Just when you think things couldn’t get more nauseating, enter Twitter. Twitter enthusiastically liquefies and filters these bile filled stews called debates through a colander of melanated millennial jargon, and tired pop culture references. Every abysmal Trump quip is met with reaction gifs, and 140 characters of scorn. If you listen closely enough you can hear the sonic boom that is the collective percussion of keyboard pounding from professional and self appointed ‘fact checkers’ committed to rebuffing every untruth that spills from the slit in Donald’s face that forms two arguable lips. Hilary’s reactions are memefied, gif-ed, personalized and looped immediately. Twitter’s most ardent protectors of Black popular culture and AAVE offer her its most popular contributions. By the end of the debate Hillary was ‘slaying, and reading’, her edges were laid, and she was getting in Formation with the Negro populace for a glass of Lemonade while pulling up A Seat At The Table. Her face expertly photoshopped in seminal Black pop culture visuals, all in a bizarre attempt to synthesize her otherwise unrelatable qualities.

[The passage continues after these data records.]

lemma bij_betw_partition_on:
  assumes f: "bij_betw f A B"
  shows "bij_betw (image (image f)) {P. partition_on A P} {Q. partition_on B Q}"
proof -
  have partition_image: "image (image h) P \<in> {Q. partition_on Y Q}"
    if h: "bij_betw h X Y" and P: "partition_on X P" for h X Y P
  proof -
    have "image (image h) P - {{}} = image (image h) P"
      using partition_onD3[OF P] by auto
    then show ?thesis
      using partition_on_inj_image[OF P bij_betw_imp_inj_on[OF h]] bij_betw_imp_surj_on[OF h]
      by simp
  qed
  have "{Q. partition_on B Q} \<subseteq> image (image f) ` {P. partition_on A P}"
  proof
    fix Q assume Q: "Q \<in> {Q. partition_on B Q}"
    have "f ` inv_into A f ` X = X" if "X \<in> Q" for X
    proof (rule image_inv_into_cancel)
      show "f ` A = B" using f by (simp add: bij_betw_def)
      show "X \<subseteq> B" using that Q by (auto dest: partition_onD1)
    qed
    then have "Q = image (image f) (image (image (inv_into A f)) Q)"
      by (simp add: image_image)
    then show "Q \<in> image (image f) ` {P. partition_on A P}"
      using partition_image[OF bij_betw_inv_into[OF f]] Q by blast
  qed
  then have "image (image f) ` {P. partition_on A P} = {Q. partition_on B Q}"
    using partition_image[OF f] by blast
  moreover have "inj_on (image (image f)) {P. partition_on A P}"
    using inj_on_image_Pow[OF inj_on_image_Pow[OF bij_betw_imp_inj_on[OF f]]]
    by (rule inj_on_subset) (auto dest: partition_onD1)
  ultimately show ?thesis
    by (simp add: bij_betw_def)
qed

lemma card_partition_on_interval: "card {P. partition_on {a<..a + m} P} = Bell m"
proof -
  have "bij_betw (plus a) {1..m} {a<..a + m}"
    by (auto simp: bij_betw_def image_add_atLeastAtMost)
  then show ?thesis
    unfolding Bell_def set_partitions_def
    by (metis bij_betw_partition_on bij_betw_same_card)
qed

section \<open>Monochromatic partitions\<close>

definition monochromatic_partitions :: "'a set \<Rightarrow> ('a \<Rightarrow> 'b) \<Rightarrow> 'a set set set" where
  "monochromatic_partitions A c = {P. partition_on A P \<and> (\<forall>X\<in>P. \<forall>x\<in>X. \<forall>y\<in>X. c x = c y)}"

(* Use the following rules instead of unfolding the definition: as a premise, the condition
   c x = c y becomes a rewrite rule on which the simplifier loops. *)

lemma monochromatic_partitionsI:
  "partition_on A P \<Longrightarrow> (\<And>X x y. X \<in> P \<Longrightarrow> x \<in> X \<Longrightarrow> y \<in> X \<Longrightarrow> c x = c y)
    \<Longrightarrow> P \<in> monochromatic_partitions A c"
  unfolding monochromatic_partitions_def by blast

lemma monochromatic_partitionsD:
  assumes "P \<in> monochromatic_partitions A c"
  shows "partition_on A P" and "X \<in> P \<Longrightarrow> x \<in> X \<Longrightarrow> y \<in> X \<Longrightarrow> c x = c y"
  using assms unfolding monochromatic_partitions_def by blast+

lemma finite_monochromatic_partitions: "finite A \<Longrightarrow> finite (monochromatic_partitions A c)"
  unfolding monochromatic_partitions_def
  by (rule finite_subset[OF _ finitely_many_partition_on]) auto

lemma monochromatic_partitions_const: "monochromatic_partitions A (\<lambda>_. v) = {P. partition_on A P}"
  by (simp add: monochromatic_partitions_def)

Hashtags (usually created as reactions to the new stupid thing Trump said) are hatched and the #ImWithHer acolytes beam over their analytics and soon to be subsequent Buzzfeed and Huffington Post ‘what twitter said’ writeups. Trumpbot accounts assuming the identity of random minorities or armed with obligatory dog, egg, and eagle avis litter the timeline with screeches about Benghazi, Obama, and deleted emails. Pundits unconvincingly try to offer a pragmatic evaluation of the candidate’s performance, humoring the delusion that Donald offered intelligible sentences of which to dissect, or that Hilary offered anything but an arguably competent showing. The sideshow that is Trump is such a orange obfuscation that these debates are failing to confront Hilary with substantive and valid questions, which is unfortunate because it’s extremely likely she will be the next POTUS. Significant subjects are either merely grazed, or wholly ignored, and the conversations surrounding these spectacles have the depth of a thimble. Perhaps I am being naive when I assert that it seems like the quality of political commentary and discussion has dramatically declined. I might sound like a fist waving disgruntled baby boomer when I say I think the compulsion to deliver rapid response witticisms during debates is a huge disservice that is encouraged by Twitter. And its very likely that I’m being extremely cynical when I say that much like he has served the ratings and interests of traditional media, The Donald is just as essential to feeding the non-stop response engine that is Twitter.com and all those who wish to monetize off it’s assembly line of reactions.
If not for the tangerine menace, ‘Nasty Woman, tshirts, and ‘Grab Her By The Brain’ merch would not have materialized. He is the cash cow, not Hillary. It is fascinating to watch the very people that lament about abhorring what they deem the unacceptable behavior of the political anti-christ somehow profiting off his despicableness. But that irony might be emblematic of what this race is, isn’t it? A sadistic joke, a circus of sideshows and neither the performers or the audience display much of any self awareness. A sad, disgraceful spectacle, whose contributions to the annals of political history can only be found in gifs, tweets, meme’s, t-shirts, a shameless exploitative parade of alleged rape and sexual assault victims, and the rise and fall of Ken Bone.